Court Opinion

ID: 7107196
Source: CourtListenerOpinion
Date Created: 2022-07-24 12:22:17.492404+00
Date Added: 2024-06-11T16:13:36.648266
License: Public Domain

Given, J.
I. This grand jury was selected, drawn, and summoned, as provided in’ chapter 10, of title 8, of the Code of 1878, and under that statute constituted the grand jury of Dubuque county, for the year 1895. April 26,1894, chapter 70, of the Laws of the Twenty-fifth General Assembly, entitled “An act to amend chapter 10, title 3, of the Code of 1873, relating to selecting and drawing jurors,” was approved. Said chapter 70, provides a different mode of selecting jurors from that provided in said chapter 10; and appellant’s contention is, that the latter act repealed the former, as to the mode of selecting jurors; therefore, this grand jury, though legally selected under said chapter 10, had ceased to exist, by reason of said repeal. Said chapter 70 provides, that “all statutes and parts of statutes in conflict with this act, are hereby repealed, but this repeal shall not take effect before July 1, 1895.” A grand jury could not be selected after July 1, 1895, for that year, in the manner provided in said chapter 70. We are in no doubt but that it was the intention of the legislature, that grand -juries selected under said chapter 10, for the year 1895, should continue to serve through the year, as provided in said chapter 10.’ Under chapter 70, there was no list from which to draw jurors, until the assessor’s returns for 1895, were *570made. The provisions of chapter 70, as to selecting grand juries, are not in conflict with chapter 10, as to grand juries in existence when chapter 70 took effect; and therefore, grand juries legally organized under chapter 10, for the year 1895, were legal grand juries for that year.
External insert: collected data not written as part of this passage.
(* Let $G$ be a countable directed graph and let $x,y\in\mathcal{V}(G)$ with $x\neq y$. For $A\in\mathcal{T}_+(G)$, the coset $A+\mathcal{K}_{x,y}$ belongs to the Jacobson radical $\operatorname{rad}(\mathcal{T}_+(G)/\mathcal{K}_{x,y})$ if and only if $\pi(A)^2=0$ for all $\pi\in\operatorname{rep}_{x,y}(\mathcal{T}_+(G))$.
   Context: A countable directed graph $G$ has countable vertex set $\mathcal{V}(G)$, edge set $\mathcal{E}(G)$, range and source maps $r,s$. The free semigroupoid $\mathbb{F}^+(G)$ consists of vertices and finite paths $w=e_k\cdots e_1$ with $s(e_i)=r(e_{i-1})$, $s(w)=s(e_1)$, $r(w)=r(e_k)$. On $\ell^2(\mathbb{F}^+(G))$ with orthonormal basis $\{\xi_w\}$, $L_e\xi_w=\xi_{ew}$ if $s(e)=r(w)$ and $0$ otherwise, and $P_v$ is the projection onto $\overline{\operatorname{span}}\{\xi_w:r(w)=v\}$. $\mathcal{T}_+(G)$ is the norm-closed operator algebra generated by all $L_e$ and $P_v$. $\mathfrak{M}_{G,x}$ is the set of characters $\rho$ of $\mathcal{T}_+(G)$ with $\rho(P_x)=1$. A two-dimensional nest representation is a continuous homomorphism $\pi$ of $\mathcal{T}_+(G)$ onto $\operatorname{Alg}\mathcal{N}$, the algebra of operators on a 2-dimensional Hilbert space leaving a fixed one-dimensional subspace $N$ invariant; with unit vectors $h_2\in N$, $h_1\in N^\perp$, put $\rho^{(i)}_\pi(A)=\langle\pi(A)h_i,h_i\rangle$. $\operatorname{rep}_{x,y}(\mathcal{T}_+(G))$ is the set of such $\pi$ with $\rho^{(1)}_\pi\in\mathfrak{M}_{G,x}$, $\rho^{(2)}_\pi\in\mathfrak{M}_{G,y}$, and $\mathcal{K}_{x,y}=\bigcap\{\ker\pi:\pi\in\operatorname{rep}_{x,y}(\mathcal{T}_+(G))\}$, a closed ideal. *)

theory Defs
  imports "HOL-Analysis.Analysis"
begin

text \<open>Elements of the free semigroupoid are encoded as
Inl v (a vertex v) or Inr es, where es = [e_k, ..., e_1] is a nonempty list of
edges (head = last edge traversed), with s(e_i) = r(e_(i-1)).\<close>

type_synonym ('v,'e) fpath = "'v + 'e list"
type_synonym ('v,'e) vecs = "('v,'e) fpath \<Rightarrow> complex"
type_synonym ('v,'e) op = "('v,'e) vecs \<Rightarrow> ('v,'e) vecs"

definition countable_digraph :: "'v set \<Rightarrow> 'e set \<Rightarrow> ('e \<Rightarrow> 'v) \<Rightarrow> ('e \<Rightarrow> 'v) \<Rightarrow> bool" where
  "countable_digraph V E r s \<longleftrightarrow> countable V \<and> countable E \<and> (\<forall>e\<in>E. r e \<in> V \<and> s e \<in> V)"

definition edge_path :: "'e set \<Rightarrow> ('e \<Rightarrow> 'v) \<Rightarrow> ('e \<Rightarrow> 'v) \<Rightarrow> 'e list \<Rightarrow> bool" where
  "edge_path E r s es \<longleftrightarrow> es \<noteq> [] \<and> set es \<subseteq> E \<and>
     (\<forall>i. Suc i < length es \<longrightarrow> s (es ! i) = r (es ! Suc i))"

definition FP :: "'v set \<Rightarrow> 'e set \<Rightarrow> ('e \<Rightarrow> 'v) \<Rightarrow> ('e \<Rightarrow> 'v) \<Rightarrow> ('v,'e) fpath set" where
  "FP V E r s = Inl ` V \<union> Inr ` {es. edge_path E r s es}"

fun rng :: "('e \<Rightarrow> 'v) \<Rightarrow> ('v,'e) fpath \<Rightarrow> 'v" where
  "rng r (Inl v) = v"
| "rng r (Inr es) = r (hd es)"

definition l2 :: "'v set \<Rightarrow> 'e set \<Rightarrow> ('e \<Rightarrow> 'v) \<Rightarrow> ('e \<Rightarrow> 'v) \<Rightarrow> ('v,'e) vecs set" where
  "l2 V E r s = {f. (\<forall>w. w \<notin> FP V E r s \<longrightarrow> f w = 0) \<and>
                    (\<lambda>w. (cmod (f w))^2) summable_on UNIV}"

definition l2norm :: "('v,'e) vecs \<Rightarrow> real" where
  "l2norm f = sqrt (\<Sum>\<^sub>\<infinity>w. (cmod (f w))^2)"

text \<open>Bounded operators on l^2(F+(G)); to have canonical representatives an
operator is required to vanish outside l^2.\<close>
definition is_op :: "'v set \<Rightarrow> 'e set \<Rightarrow> ('e \<Rightarrow> 'v) \<Rightarrow> ('e \<Rightarrow> 'v) \<Rightarrow> ('v,'e) op \<Rightarrow> bool" where
  "is_op V E r s T \<longleftrightarrow>
     (\<forall>f. f \<notin> l2 V E r s \<longrightarrow> T f = (\<lambda>w. 0)) \<and>
     (\<forall>f\<in>l2 V E r s. T f \<in> l2 V E r s) \<and>
     (\<forall>f\<in>l2 V E r s. \<forall>g\<in>l2 V E r s. \<forall>c.
         T (\<lambda>w. f w + c * g w) = (\<lambda>w. T f w + c * T g w)) \<and>
     (\<exists>K. \<forall>f\<in>l2 V E r s. l2norm (T f) \<le> K * l2norm f)"

definition opnorm :: "'v set \<Rightarrow> 'e set \<Rightarrow> ('e \<Rightarrow> 'v) \<Rightarrow> ('e \<Rightarrow> 'v) \<Rightarrow> ('v,'e) op \<Rightarrow> real" where
  "opnorm V E r s T = Sup {l2norm (T f) | f. f \<in> l2 V E r s \<and> l2norm f \<le> 1}"

definition op_add :: "('v,'e) op \<Rightarrow> ('v,'e) op \<Rightarrow> ('v,'e) op" where
  "op_add T S = (\<lambda>f w. T f w + S f w)"

definition op_sub :: "('v,'e) op \<Rightarrow> ('v,'e) op \<Rightarrow> ('v,'e) op" where
  "op_sub T S = (\<lambda>f w. T f w - S f w)"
II. Defendant moved for a new trial, on the grounds of newly-discovered evidence, and that the verdict is contrary to the evidence. Newly-discovered evidence is not a ground for granting a new trial in criminal cases. Code, section 4489. The evidence fully sustains the verdict. We find no error in the record, and think that the defendant received a fair and impartial trial.— Affirmed.